Using the listing that follows, filter out every line lacking the string "partial" and return the rest.

------------------------

fun Xmul :: "('m::finite) sidx \<Rightarrow> 'm superfun \<Rightarrow> 'm superfun" where
  "Xmul (Inl i) f = bmul i f"
| "Xmul (Inr k) f = fmul k f"

text \<open>d_{X^i}: d_{x_i} for bosons, d_{X^{m+2k-1}} = 2 d_{xgrave_{2k}},
  d_{X^{m+2k}} = -2 d_{xgrave_{2k-1}}.\<close>
fun Xder :: "('m::finite) sidx \<Rightarrow> 'm superfun \<Rightarrow> 'm superfun" where
  "Xder (Inl i) f = bder i f"
| "Xder (Inr k) f = (if odd k then sf_scale 2 (fder (k + 1) f)
                     else sf_scale (-2) (fder (k - 1) f))"

definition Lop :: "('m::finite) sidx \<Rightarrow> 'm sidx \<Rightarrow> 'm superfun \<Rightarrow> 'm superfun" where
  "Lop a b f = sf_add (Xmul a (Xder b f))
      (sf_scale (- ((-1) ^ (sidx_par a * sidx_par b))) (Xmul b (Xder a f)))"

definition xgsq :: "nat \<Rightarrow> 'm superfun" where
  "xgsq n = (\<lambda>A x. \<Sum>j=1..n. fmul (2*j - 1) (fmul (2*j) sf_one) A x)"

definition hder :: "nat \<Rightarrow> (real \<Rightarrow> complex) \<Rightarrow> real \<Rightarrow> complex" where
  "hder j h = ((\<lambda>g t. vector_derivative g (at t)) ^^ j) h"

end

theory Submission
  imports Defs
begin

text \<open>
  The bosonic generators L_ij (i, j \<le> m) say x_i \<partial>_j f_A = x_j \<partial>_i f_A: all angular derivatives of
  every coefficient vanish, so, \<real>^m - {0} being connected for m \<ge> 2, the body f_\<emptyset> is a function
  h(r^2) of the radius. The mixed generators L_(i,m+k) couple the coefficients: f_A vanishes as soon
  as A contains a fermionic index without its symplectic partner, and adjoining a pair {2s-1, 2s}
  to A is governed by \<partial>_i f_A = -2 x_i f_(A \<union> {2s-1, 2s}). Induction on the number k of pairs gives
  f_A = (-1)^k h^(k)(r^2), and this is the coefficient of xgrave_A in h(R^2): the pairs
  xgrave_(2s-1) xgrave_(2s) are even, so (xgrave^2)^j = j! \<Sum>_(|S| = j) \<Prod>_(s \<in> S) xgrave_(2s-1) xgrave_(2s).
\<close>

section \<open>Radial functions\<close>

lemma linear_zero_on_orthogonal:
  fixes D :: "real^'m::finite \<Rightarrow> complex"
  assumes lin: "linear D" and z: "z \<noteq> 0" and zw: "z \<bullet> w = 0"
    and angular: "\<And>i j. of_real (z$i) * D (axis j 1) = of_real (z$j) * D (axis i 1)"
  shows "D w = 0"
proof -
  obtain i where zi: "z$i \<noteq> 0" using z by (metis vec_eq_iff zero_index)
  have w: "w = (\<Sum>j\<in>UNIV. (w$j) *\<^sub>R axis j 1)"
    using basis_expansion[of w] by (simp add: scalar_mult_eq_scaleR)
  have "of_real (z$i) * D w = (\<Sum>j\<in>UNIV. of_real (w$j) * (of_real (z$i) * D (axis j 1)))"
    by (subst w, simp only: linear_sum[OF lin] linear_scale[OF lin])
       (simp add: scaleR_conv_of_real sum_distrib_left algebra_simps)
  also have "\<dots> = (\<Sum>j\<in>UNIV. of_real (w$j) * (of_real (z$j) * D (axis i 1)))"
    using angular by simp
  also have "\<dots> = of_real (z \<bullet> w) * D (axis i 1)"
    by (simp add: inner_vec_def sum_distrib_left sum_distrib_right algebra_simps)
  finally show ?thesis using zi zw by simp
qed

lemma rescale_to_sphere_has_derivative:
  fixes y :: "'a::real_inner"
  assumes y: "y \<noteq> 0"
  obtains P where "((\<lambda>y. (r / norm y) *\<^sub>R y) has_derivative P) (at y)" and "\<And>v. y \<bullet> P v = 0"
proof
  define P where "P v = (r / norm y) *\<^sub>R v - (r * (v \<bullet> y) / norm y ^ 3) *\<^sub>R y" for v
  show "((\<lambda>y. (r / norm y) *\<^sub>R y) has_derivative P) (at y)"
    unfolding P_def
    by (rule derivative_eq_intros has_derivative_norm[OF y] | simp add: y)+
       (auto simp: y sgn_div_norm inner_commute power2_eq_square power3_eq_cube field_simps)
  have "y \<bullet> y = norm y ^ 2" by (simp add: power2_norm_eq_inner)
  then show "y \<bullet> P v = 0" for v
    using y by (simp add: P_def inner_diff_right inner_commute power3_eq_cube power2_eq_square field_simps)
qed

lemma radial_if_angular_derivatives_vanish:
  fixes g :: "real^'m::finite \<Rightarrow> complex"
  assumes m2: "CARD('m) \<ge> 2" and dg: "\<And>x. g differentiable (at x)"
    and angular: "\<And>x i j. of_real (x$i) * frechet_derivative g (at x) (axis j 1)
                         = of_real (x$j) * frechet_derivative g (at x) (axis i 1)"
    and x: "x \<noteq> 0"
  shows "g x = g (norm x *\<^sub>R axis k 1)"
proof -
  txt \<open>F is locally constant: its derivative is that of g applied to vectors tangent to the
    sphere, which vanishes by the angular relations.\<close>
  define F where "F y = g ((norm x / norm y) *\<^sub>R y)" for y
  have F_deriv: "(F has_derivative (\<lambda>h. 0)) (at y)" if y: "y \<noteq> 0" for y
  proof -
    define p where "p = (norm x / norm y) *\<^sub>R y"
    obtain P where P: "((\<lambda>y. (norm x / norm y) *\<^sub>R y) has_derivative P) (at y)" "\<And>v. y \<bullet> P v = 0"
      using rescale_to_sphere_has_derivative[OF y] by blast
    have g_deriv: "(g has_derivative frechet_derivative g (at p)) (at p)"
      using dg frechet_derivative_works by blast
    have "frechet_derivative g (at p) (P v) = 0" for v
    proof (rule linear_zero_on_orthogonal[OF has_derivative_linear[OF g_deriv]])
      show "p \<noteq> 0" using x y by (simp add: p_def)
      show "p \<bullet> P v = 0" using P(2) by (simp add: p_def)
    qed (rule angular)
    moreover have "(F has_derivative (frechet_derivative g (at p) \<circ> P)) (at y)"
      unfolding F_def using diff_chain_at[OF P(1)] g_deriv by (simp add: p_def o_def)
    ultimately show ?thesis by (simp add: o_def)
  qed
  have "F constant_on (- {0})"
  proof (rule has_derivative_zero_connected_constant_on[where K="{}"])
    show "connected (- {0::real^'m})" using m2 by (intro connected_punctured_universe) simp
    show "continuous_on (- {0}) F"
      by (rule has_derivative_continuous_on[where f'="\<lambda>_ h. 0"])
         (use F_deriv in \<open>auto intro: has_derivative_at_withinI\<close>)
  qed (use F_deriv in \<open>auto intro: has_derivative_at_withinI\<close>)
  then have "F x = F (axis k 1)"
    unfolding constant_on_def using x by (metis ComplI axis_eq_0_iff singletonD zero_neq_one)
  then show ?thesis using x by (simp add: F_def)
qed

lemma bder_eq_frechet_derivative:
  fixes f :: "'m::finite superfun"
  assumes "f A differentiable (at x)"
  shows "bder i f A x = frechet_derivative (f A) (at x) (axis i 1)"
proof -
  have line: "((\<lambda>t. x + t *\<^sub>R axis i 1) has_vector_derivative axis i 1) (at 0)"
    by (auto intro!: derivative_eq_intros simp: has_vector_derivative_def)
  have "((\<lambda>t. f A (x + t *\<^sub>R axis i 1)) has_vector_derivative
          frechet_derivative (f A) (at x) (axis i 1)) (at 0)"
    using vector_derivative_diff_chain_within[OF line, of "f A"] assms
    by (simp add: frechet_derivative_works has_derivative_at_withinI o_def)
  then show ?thesis unfolding bder_def by (rule vector_derivative_at)
qed

lemma sum_power2_eq_norm_power2: "(\<Sum>i\<in>UNIV. (x $ i)\<^sup>2) = (norm (x::real^'m::finite))\<^sup>2"
  by (simp only: power2_norm_eq_inner inner_vec_def) (simp add: power2_eq_square)

lemma hder_0 [simp]: "hder 0 h = h"
  by (simp add: hder_def)

lemma hder_Suc: "hder (Suc k) h t = vector_derivative (hder k h) (at t)"
  by (simp add: hder_def)

lemma has_vector_derivative_along_axis_of_radial:
  fixes G :: "real^'m::finite \<Rightarrow> complex" and g :: "real \<Rightarrow> complex"
  assumes g: "(g has_vector_derivative g') (at ((norm x)\<^sup>2))" and x: "x \<noteq> 0"
    and G: "\<And>y. y \<noteq> 0 \<Longrightarrow> G y = g ((norm y)\<^sup>2)"
  shows "((\<lambda>t. G (x + t *\<^sub>R axis i 1)) has_vector_derivative (2 * x$i) *\<^sub>R g') (at 0)"
proof -
  define q where "q t = (norm (x + t *\<^sub>R axis i 1))\<^sup>2" for t
  have q_eq: "q t = (norm x)\<^sup>2 + 2 * t * x$i + t^2" for t
    unfolding q_def power2_norm_eq_inner
    by (simp add: inner_add_left inner_add_right inner_axis inner_axis' inner_commute
        power2_eq_square algebra_simps)
  have "(q has_real_derivative 2 * x$i) (at 0)"
    unfolding q_eq[abs_def] by (auto intro!: derivative_eq_intros)
  then have "(q has_vector_derivative 2 * x$i) (at 0)"
    by (simp add: has_real_derivative_iff_has_vector_derivative)
  then have gq_deriv: "((g \<circ> q) has_vector_derivative (2 * x$i) *\<^sub>R g') (at 0)"
    by (rule vector_diff_chain_at) (use g in \<open>simp add: q_def\<close>)
  have gq_eq: "(g \<circ> q) t = G (x + t *\<^sub>R axis i 1)" if "t \<in> {t. x + t *\<^sub>R axis i 1 \<noteq> 0}" for t
    using G that by (simp add: q_def)
  have "open {t::real. x + t *\<^sub>R axis i 1 \<noteq> 0}"
    by (rule open_Collect_neq) (auto intro!: continuous_intros)
  then show ?thesis
    by (rule has_vector_derivative_transform_within_open[OF gq_deriv _ _ gq_eq]) (use x in auto)
qed

section \<open>Products of symplectic pairs of fermionic variables\<close>

definition fpair :: "nat \<Rightarrow> nat set" where
  "fpair s = {2 * s - 1, 2 * s}"

definition fpairs :: "nat set \<Rightarrow> nat set" where
  "fpairs S = (\<Union>s\<in>S. fpair s)"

------------------------

=== Task solution ===
  The bosonic generators L_ij (i, j \<le> m) say x_i \<partial>_j f_A = x_j \<partial>_i f_A: all angular derivatives of
  to A is governed by \<partial>_i f_A = -2 x_i f_(A \<union> {2s-1, 2s}). Induction on the number k of pairs gives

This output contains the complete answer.